Application of independent component analysis and TOPSIS to deal with dependent criteria in multicriteria decision problems
This addresses a specific issue in decision-making for practitioners dealing with dependent criteria, but it is incremental as it combines existing techniques.
The paper tackles the problem of biased rankings in multicriteria decision making when criteria are dependent, by proposing a novel approach that estimates independent latent criteria using independent component analysis and TOPSIS, with results validated on synthetic and actual data.

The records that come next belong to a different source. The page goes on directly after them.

text \<open>The Hermitian curve H of PG(2, q^2) has q^3 + 1 points, every line meets it in 1 or
  q + 1 points, and every point of H lies on exactly one tangent. Hence a subset X of H is a
  semioval as soon as, for every secant l and every P in l \<inter> H, the set X meets (l \<inter> H) - {P}:
  then the only line meeting X in P alone is the tangent to H at P. A k-subset of this kind exists
  by counting: there are at most q^6 (q + 1) sets (l \<inter> H) - {P}, each of size q, and each is
  avoided by C(q^3 + 1 - q, k) \<le> (1 - k / (q^3 + 1))^q C(q^3 + 1, k) of the k-subsets of H;
  the hypothesis on k makes the factor (1 - k / (q^3 + 1))^q at most exp (- 8 ln q) = q^-8.\<close>

lemma power_card_UNIV_eq_self: "(x :: 'a::{field,finite}) ^ card (UNIV :: 'a set) = x"
proof (cases "x = 0")
  case False
  define G where "G = \<lparr>carrier = UNIV - {0 :: 'a}, monoid.mult = (*), one = 1 :: 'a\<rparr>"
  interpret comm_group G
  proof (rule comm_groupI)
    fix y assume "y \<in> carrier G"
    then show "\<exists>z\<in>carrier G. z \<otimes>\<^bsub>G\<^esub> y = \<one>\<^bsub>G\<^esub>"
      by (intro bexI[of _ "inverse y"]) (auto simp: G_def)
  qed (auto simp: G_def)
  have pow: "y [^]\<^bsub>G\<^esub> n = y ^ n" for y and n :: nat
    by (induction n) (simp_all add: G_def)
  have "x [^]\<^bsub>G\<^esub> card (carrier G) = \<one>\<^bsub>G\<^esub>"
    by (rule power_order_eq_one) (use False in \<open>simp_all add: G_def\<close>)
  then have "x ^ (card (UNIV :: 'a set) - 1) = 1"
    unfolding pow by (simp add: G_def card_Diff_singleton)
  moreover have "card (UNIV :: 'a set) = Suc (card (UNIV :: 'a set) - 1)"
    using finite_UNIV_card_ge_0[where ?'a = 'a] by simp
  ultimately show ?thesis
    by (metis mult.right_neutral power_Suc)
qed (use finite_UNIV_card_ge_0[where ?'a = 'a] in simp)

A vast number of multicriteria decision making methods have been developed to deal with the problem of ranking a set of alternatives evaluated in a multicriteria fashion. Very often, these methods assume that the evaluation among criteria is statistically independent. However, in actual problems, the observed data may comprise dependent criteria, which, among other problems, may result in biased rankings. In order to deal with this issue, we propose a novel approach whose aim is to estimate, from the observed data, a set of independent latent criteria, which can be seen as an alternative representation of the original decision matrix. A central element of our approach is to formulate the decision problem as a blind source separation problem, which allows us to apply independent component analysis techniques to estimate the latent criteria. Moreover, we consider TOPSIS-based approaches to obtain the ranking of alternatives from the latent criteria. Results in both synthetic and actual data attest the relevance of the proposed approach.